Requirement
Find each line in the records below that contains the word "imports", and copy it out.

Information given
(* Let $G=(V,E)$ be a multigraph with $n$ vertices and $m$ edges. Consider a process that performs $n-1$ edge contractions, with arbitrarily many edge deletions allowed between consecutive contractions; let $G_k$ denote the graph just before the $k$-th contraction (so $G_1=G$ if no deletions precede it), and let $u_kv_k$ be the edge of $G_k$ contracted at step $k$, for $k\in[n-1]$. Suppose that for some $\alpha>0$, the cost of the $k$-th contraction is at most $\alpha\cdot\min\{\deg_{G_k}(u_k),\deg_{G_k}(v_k)\}$ for every $k$. Then the total cost of all contractions is $O(\alpha m\log n)$; equivalently, $\sum_{k=1}^{n-1}\min\{\deg_{G_k}(u_k),\deg_{G_k}(v_k)\}=O(m\log n)$.
   Context: Contracting an edge $uv$ identifies $u$ and $v$ into a single vertex and removes the edges between $u$ and $v$; other edges (possibly becoming parallel) are kept with endpoints updated. Degrees count incident edges with multiplicity. *)

theory Defs
  imports Complex_Main "HOL-Library.Multiset"
begin

text \<open>A finite loopless multigraph on vertex set V: edges form a multiset of
  2-element vertex sets (parallel edges = repeated elements).\<close>
definition multigraph :: "nat set \<Rightarrow> nat set multiset \<Rightarrow> bool" where
  "multigraph V E \<longleftrightarrow> finite V \<and> (\<forall>e \<in># E. e \<subseteq> V \<and> card e = 2)"

definition deg :: "nat set multiset \<Rightarrow> nat \<Rightarrow> nat" where
  "deg E x = size (filter_mset (\<lambda>e. x \<in> e) E)"

definition contract :: "nat set multiset \<Rightarrow> nat \<Rightarrow> nat \<Rightarrow> nat set multiset" where
  "contract E u v = image_mset ((`) (\<lambda>x. if x = v then u else x))
                      (filter_mset (\<lambda>e. e \<noteq> {u, v}) E)"

text \<open>A process of card V - 1 contractions with arbitrary edge deletions in between.
  (VS k, ES k) is the graph G_k just before the k-th contraction, k = 1..n-1,
  and {us k, vs k} is the edge contracted at step k.\<close>
definition contraction_process ::
  "nat set \<Rightarrow> nat set multiset \<Rightarrow> (nat \<Rightarrow> nat set) \<Rightarrow> (nat \<Rightarrow> nat set multiset)
     \<Rightarrow> (nat \<Rightarrow> nat) \<Rightarrow> (nat \<Rightarrow> nat) \<Rightarrow> bool" where
  "contraction_process V E VS ES us vs \<longleftrightarrow>
     VS 1 = V \<and> ES 1 \<subseteq># E \<and>
     (\<forall>k \<in> {1..<card V}.
        us k \<noteq> vs k \<and> {us k, vs k} \<in># ES k \<and>
        (k + 1 < card V \<longrightarrow>
           VS (k + 1) = VS k - {vs k} \<and>
           ES (k + 1) \<subseteq># contract (ES k) (us k) (vs k)))"

end

theory Submission
  imports Defs
begin

text \<open>Give a vertex x whose cluster contains s x of the n original vertices the potential
  log n - log (s x), and an edge the potential 1 plus that of its endpoints.  Contracting uv
  deletes the u-v edges, each of potential at least 1, and at least doubles the cluster of the
  endpoint with the smaller cluster, so every other edge at that endpoint loses at least 1.
  Hence a contraction costing min(deg u, deg v) lowers the total potential by at least that
  much; edge deletions never raise it, and it starts at m (1 + 2 log n).\<close>

definition cluster_pot :: "nat \<Rightarrow> nat \<Rightarrow> real" where
  "cluster_pot n t = log 2 (real n) - log 2 (real t)"

definition edge_pot :: "nat \<Rightarrow> (nat \<Rightarrow> nat) \<Rightarrow> nat set \<Rightarrow> real" where
  "edge_pot n s e = 1 + (\<Sum>x\<in>e. cluster_pot n (s x))"

definition graph_pot :: "nat \<Rightarrow> (nat \<Rightarrow> nat) \<Rightarrow> nat set multiset \<Rightarrow> real" where
  "graph_pot n s F = (\<Sum>e\<in>#F. edge_pot n s e)"

lemma cluster_pot_nonneg: "1 \<le> t \<Longrightarrow> t \<le> n \<Longrightarrow> 0 \<le> cluster_pot n t"
  unfolding cluster_pot_def by simp

lemma cluster_pot_antimono: "0 < a \<Longrightarrow> a \<le> b \<Longrightarrow> cluster_pot n b \<le> cluster_pot n a"
  unfolding cluster_pot_def by simp

lemma cluster_pot_add_larger:
  assumes "0 < a" "a \<le> b"
  shows "cluster_pot n (a + b) \<le> cluster_pot n a - 1"
proof -
  have "log 2 (2 * real a) \<le> log 2 (real (a + b))" using assms by simp
  moreover have "log 2 (2 * real a) = 1 + log 2 (real a)" using assms by (simp add: log_mult)
  ultimately show ?thesis unfolding cluster_pot_def by simp
qed

lemma edge_pot_ge_1:
  assumes "finite e" "\<forall>x\<in>e. 1 \<le> s x \<and> s x \<le> n"
  shows "1 \<le> edge_pot n s e"
proof -
  have "0 \<le> (\<Sum>x\<in>e. cluster_pot n (s x))"
    using assms by (intro sum_nonneg) (auto intro: cluster_pot_nonneg)
  then show ?thesis unfolding edge_pot_def by simp
qed

lemma edge_pot_merge:
  assumes "card e = 2" "e \<noteq> {u, v}" "u \<noteq> v" "1 \<le> s u" "1 \<le> s v"
    and w: "w = (if s u \<le> s v then u else v)"
  shows "edge_pot n (s(u := s u + s v)) ((\<lambda>x. if x = v then u else x) ` e)
           + (if w \<in> e then 1 else 0) \<le> edge_pot n s e"
proof -
  let ?s' = "s(u := s u + s v)"
  obtain a b where ab: "e = {a, b}" "a \<noteq> b" using assms(1) card_2_iff by metis
  have merged_u: "cluster_pot n (?s' u) \<le> cluster_pot n (s u) - (if w = u then 1 else 0)"
    using cluster_pot_add_larger[of "s u" "s v" n] cluster_pot_antimono[of "s u" "s u + s v" n]
      assms(3,4) w by auto
  have merged_v: "cluster_pot n (?s' u) \<le> cluster_pot n (s v) - (if w = v then 1 else 0)"
    using cluster_pot_add_larger[of "s v" "s u" n] cluster_pot_antimono[of "s v" "s u + s v" n]
      assms(3,5) w by (auto simp: add.commute)
  consider (at_u) c where "e = {u, c}" "c \<noteq> u" "c \<noteq> v"
    | (at_v) c where "e = {v, c}" "c \<noteq> u" "c \<noteq> v"
    | (away) "u \<notin> e" "v \<notin> e"
    using ab assms(2) by blast
  then show ?thesis
  proof cases
    case at_u
    then have "(\<lambda>x. if x = v then u else x) ` e = e" by auto
    then show ?thesis using at_u merged_u assms(3) w unfolding edge_pot_def by auto
  next
    case at_v
    then have "(\<lambda>x. if x = v then u else x) ` e = {u, c}" by auto
    then show ?thesis using at_v merged_v assms(3) w unfolding edge_pot_def by auto
  next
    case away
    then have "(\<lambda>x. if x = v then u else x) ` e = e" by auto
    moreover have "(\<Sum>x\<in>e. cluster_pot n (?s' x)) = (\<Sum>x\<in>e. cluster_pot n (s x))"
      using away by (intro sum.cong) auto
    ultimately show ?thesis using away w unfolding edge_pot_def by auto
  qed
qed

lemma size_filter_mset_as_sum:
  "real (size {#x \<in># M. P x#}) = (\<Sum>x\<in>#M. if P x then 1 else 0)"
  by (induction M) auto

lemma graph_pot_union: "graph_pot n s (A + B) = graph_pot n s A + graph_pot n s B"
  unfolding graph_pot_def by simp

lemma size_le_graph_pot:
  assumes "\<forall>e\<in>#F. 1 \<le> edge_pot n s e"
  shows "real (size F) \<le> graph_pot n s F"
proof -
  have "(\<Sum>e\<in>#F. (1::real)) \<le> graph_pot n s F"
    unfolding graph_pot_def using assms by (intro sum_mset_mono) auto
  then show ?thesis by simp
qed

lemma graph_pot_subset_mono:
  assumes "F' \<subseteq># F" "\<forall>e\<in>#F. 0 \<le> edge_pot n s e"
  shows "graph_pot n s F' \<le> graph_pot n s F"
proof -
  obtain H where H: "F = F' + H" using assms(1) by (auto simp: subset_mset.le_iff_add)
  have "(\<Sum>e\<in>#H. 0) \<le> graph_pot n s H"
    unfolding graph_pot_def using assms(2) H by (intro sum_mset_mono) auto
  then show ?thesis using H unfolding graph_pot_def by simp
qed

lemma graph_pot_const_1:
  assumes "\<forall>e\<in>#F. card e = 2"
  shows "graph_pot n (\<lambda>_. 1) F = real (size F) * (1 + 2 * log 2 (real n))"
proof -
  have "graph_pot n (\<lambda>_. 1) F = (\<Sum>e\<in>#F. 1 + 2 * log 2 (real n))"
    unfolding graph_pot_def using assms
    by (intro arg_cong[where f = sum_mset] image_mset_cong) (simp add: edge_pot_def cluster_pot_def)
  then show ?thesis by simp
qed

lemma deg_eq_size_other_edges_add_count:
  assumes "x \<in> {u, v}"
  shows "deg F x = size {#e \<in># F. e \<noteq> {u, v} \<and> x \<in> e#} + count F {u, v}"
proof -
  have "{#e \<in># F. x \<in> e \<and> e = {u, v}#} = {#e \<in># F. e = {u, v}#}"
    using assms by (intro filter_mset_cong) auto
  then have "size {#e \<in># F. x \<in> e \<and> e = {u, v}#} = count F {u, v}"
    by (simp add: filter_eq_replicate_mset)
  moreover have "{#e \<in># F. x \<in> e#}
      = {#e \<in># F. e \<noteq> {u, v} \<and> x \<in> e#} + {#e \<in># F. x \<in> e \<and> e = {u, v}#}"
    by (subst multiset_partition[of _ "\<lambda>e. e \<noteq> {u, v}"]) (simp add: filter_filter_mset conj_commute)
  ultimately show ?thesis unfolding deg_def by simp
qed

lemma graph_pot_contract:
  assumes edges: "\<forall>e\<in>#F. card e = 2" and "u \<noteq> v" "1 \<le> s u" "1 \<le> s v"
    and w: "w = (if s u \<le> s v then u else v)"
  shows "graph_pot n (s(u := s u + s v)) (contract F u v) + size {#e \<in># F. e \<noteq> {u, v} \<and> w \<in> e#}
           \<le> graph_pot n s {#e \<in># F. e \<noteq> {u, v}#}"
proof -
  let ?f = "\<lambda>x. if x = v then u else x"
  let ?other = "{#e \<in># F. e \<noteq> {u, v}#}"
  have "graph_pot n (s(u := s u + s v)) (contract F u v) + size {#e \<in># ?other. w \<in> e#}
      = (\<Sum>e\<in>#?other. edge_pot n (s(u := s u + s v)) (?f ` e) + (if w \<in> e then 1 else 0))"
    unfolding graph_pot_def contract_def by (simp add: multiset.map_comp comp_def sum_mset.distrib size_filter_mset_as_sum)
  also have "\<dots> \<le> graph_pot n s ?other"
    unfolding graph_pot_def using edges assms(2-4) w by (intro sum_mset_mono edge_pot_merge) auto
  finally show ?thesis by (simp add: filter_filter_mset)
qed

lemma contract_edge_subset:
  assumes "e' \<in># contract F u v" "\<forall>e\<in>#F. e \<subseteq> W \<and> card e = 2" "u \<in> W" "u \<noteq> v"
  shows "e' \<subseteq> W - {v} \<and> card e' = 2"
proof -
  obtain e where e: "e \<in># F" "e \<noteq> {u, v}" "e' = (\<lambda>x. if x = v then u else x) ` e"
    using assms(1) unfolding contract_def by auto
  obtain a b where ab: "e = {a, b}" "a \<noteq> b" using assms(2) e(1) card_2_iff by metis
  have "e \<subseteq> W" using assms(2) e(1) by auto
  show ?thesis
  proof (cases "v \<in> e")
    case True
    then obtain c where "e = {v, c}" "c \<noteq> v" "c \<noteq> u" using ab e(2) by auto
    then show ?thesis using e(3) \<open>e \<subseteq> W\<close> assms(3,4) by auto
  next
    case False
    then show ?thesis using e(3) \<open>e \<subseteq> W\<close> ab by auto
  qed
qed

lemma contract_pot_drop:
  assumes edges: "\<forall>e\<in>#F. e \<subseteq> W \<and> card e = 2" and "u \<in> W" "v \<in> W" "u \<noteq> v"
    and sizes: "\<forall>x\<in>W. 1 \<le> s x \<and> s x \<le> n" "s u + s v \<le> n"
    and "F' \<subseteq># contract F u v"
  shows "real (min (deg F u) (deg F v)) + graph_pot n (s(u := s u + s v)) F' \<le> graph_pot n s F"
proof -
  define w where "w = (if s u \<le> s v then u else v)"
  let ?s' = "s(u := s u + s v)"
  let ?other = "{#e \<in># F. e \<noteq> {u, v}#}" and ?uv = "{#e \<in># F. \<not> e \<noteq> {u, v}#}"
  have "graph_pot n ?s' F' \<le> graph_pot n ?s' (contract F u v)"
  proof (intro graph_pot_subset_mono ballI \<open>F' \<subseteq># _\<close>)
    fix e' assume "e' \<in># contract F u v"
    then have "e' \<subseteq> W" "card e' = 2" using contract_edge_subset edges assms(2,4) by blast+
    then have "1 \<le> edge_pot n ?s' e'"
      using sizes assms(2) by (intro edge_pot_ge_1) (auto intro: card_ge_0_finite)
    then show "0 \<le> edge_pot n ?s' e'" by simp
  qed
  moreover have "graph_pot n ?s' (contract F u v) + size {#e \<in># F. e \<noteq> {u, v} \<and> w \<in> e#}
      \<le> graph_pot n s ?other"
    using edges sizes assms(2-4) unfolding w_def by (intro graph_pot_contract) auto
  moreover have "graph_pot n s F = graph_pot n s ?other + graph_pot n s ?uv"
    by (subst (1) multiset_partition[of F "\<lambda>e. e \<noteq> {u, v}"]) (simp only: graph_pot_union)
  moreover have "real (count F {u, v}) \<le> graph_pot n s ?uv"
  proof -
    have "real (size ?uv) \<le> graph_pot n s ?uv"
      using sizes assms(2,3) by (intro size_le_graph_pot ballI edge_pot_ge_1) auto
    then show ?thesis by (simp add: filter_eq_replicate_mset)
  qed
  moreover have "min (deg F u) (deg F v) \<le> deg F w"
    unfolding w_def by simp
  moreover have "deg F w = size {#e \<in># F. e \<noteq> {u, v} \<and> w \<in> e#} + count F {u, v}"
    unfolding w_def by (intro deg_eq_size_other_edges_add_count) simp
  ultimately show ?thesis by linarith
qed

Task output
  imports Complex_Main "HOL-Library.Multiset"
  imports Defs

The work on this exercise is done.